BRIEF DESCRIPTION OF THE DRAWINGS
FIG. 1 is a schematic circuit diagram of one embodiment of the
invention;
FIG. 2 is a schematic circuit diagram of a second embodiment of the
invention;
FIG. 3 is a schematic circuit diagram of a third embodiment of the
invention; and
FIG. 4 is a schematic circuit diagram of a fourth embodiment of the
invention;
DETAILED DESCRIPTION OF THE INVENTION
A receiver, such as is typically found in a television set and a
radio set, includes a tuner and amplifier. The tuner is utilized to
detect a signal of a selected frequency within a specified range of
frequencies. The amplifier receives the output of the tuner and
increases the amplitude of the signal to a level which is required
by the remaining circuitry and, in particular, by a speaker. If the
output of the amplifier is fed directly to a loudspeaker, for
example, then the output of the amplifier must be at a sufficiently
high level so as to be capable to properly drive the loudspeaker to
produce a sound.
FIG. 1 shows such a tuner 1, as well as amplifier 3 and loudspeaker
5. Between tuner 1 and amplifier 3 is a switch 6, the status of
which depends on the output of mute controller circuit 7 which
responds to mute mode commands from a source, as discussed below.

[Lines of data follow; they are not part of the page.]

(* The Equality Shortest Path problem is undecidable.
   Context: A multidimensional shortest path game consists of a finite arena with vertex set $V$, edges $E\subseteq V\times V$ (each vertex has a successor), two players Eve and Adam owning a partition $V_E\uplus V_A$ of $V$, $t$ weight functions $w_i:E\to\mathbb{Z}$, and a single target set $T\subseteq V$. For a play $\pi=\pi_0\pi_1\dots$, $\mathrm{cost}(\pi)=(+\infty,\dots,+\infty)$ if $\pi$ never visits $T$, and otherwise $\mathrm{cost}(\pi)=(\mathrm{cost}_1(\pi),\dots,\mathrm{cost}_t(\pi))$ with $\mathrm{cost}_i(\pi)=\sum_{k=1}^{\ell}w_i((\pi_{k-1},\pi_k))$ where $\ell$ is the least index with $\pi_\ell\in T$. The Equality Shortest Path problem asks, given such a game, an initial vertex $v_0$ and a threshold $\bar c\in\mathbb{Z}^t$, whether Eve has a strategy $\sigma_E$ such that for every strategy $\sigma_A$ of Adam, the outcome play from $v_0$ satisfies $\mathrm{cost}(\mathrm{out}(\sigma_E,\sigma_A))=\bar c$. *)

theory Defs
  imports Main "HOL-Library.Nat_Bijection"
begin

datatype recf =
    Z
  | S
  | Id nat
  | Cn recf "recf list"
  | Pr recf recf
  | Mn recf

inductive eval :: "recf \<Rightarrow> nat list \<Rightarrow> nat \<Rightarrow> bool" where
  eval_Z: "eval Z xs 0"
| eval_S: "eval S [x] (Suc x)"
| eval_Id: "i < length xs \<Longrightarrow> eval (Id i) xs (xs ! i)"
| eval_Cn: "length ys = length gs \<Longrightarrow> (\<forall>i < length gs. eval (gs ! i) xs (ys ! i))
            \<Longrightarrow> eval f ys z \<Longrightarrow> eval (Cn f gs) xs z"
| eval_Pr0: "eval f xs y \<Longrightarrow> eval (Pr f g) (0 # xs) y"
| eval_PrS: "eval (Pr f g) (n # xs) y \<Longrightarrow> eval g (n # y # xs) z
            \<Longrightarrow> eval (Pr f g) (Suc n # xs) z"
| eval_Mn: "eval f (n # xs) 0 \<Longrightarrow> (\<forall>m < n. \<exists>y. eval f (m # xs) y \<and> y \<noteq> 0)
            \<Longrightarrow> eval (Mn f) xs n"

Switch 6 includes pole 9, and contacts 10 and 12. During a normal,
i.e., non-mute, mode of operation, pole 9, which is fixed to
contact 11, connects contacts 10 and 11 to each other so that the
output of the tuner 1 is fed to the input of amplifier 3. However,
when a mute mode is actuated, mute controller 7 causes pole 9 to
break its engagement with contact 10 so that the output of tuner 1
is no longer fed to amplifier 3. Thus, loudspeaker 5 receives no
signal and, therefore, a period of silence ensues. Mute controller
7 is typically actuated by a mute command source such as a remote
control unit (not shown)or a panel button (not shown). The
description so far has been of a typical receiver unit such as is
found in a television set and radio set.
For program signal monitoring purposes, the overall monitoring
apparatus includes a combined signal 13 which is transmitted by a
broadcast source. The combined signal 13 is processed by tuner 1,
amplifier 3 and loudspeaker 5 with the result being that
loudspeaker 5 produces an acoustic signal 15 that is emitted toward
and detected by monitoring unit 17. Monitoring unit 17 can be a
portable unit worn by a member of an audience being surveyed. Such
unit can be, for example, a watch as disclosed in U.S. Pat. No.
4,718,106. Another type of monitoring unit 17 is a device which is
installed in the receiver unit and has a microphone placed in close
proximity to loudspeaker 5. This arrangement is shown in U.S. Ser.
No. 08/215,176, filed Mar. 21, 1994, now U.S. Pat. No. 5,457,807.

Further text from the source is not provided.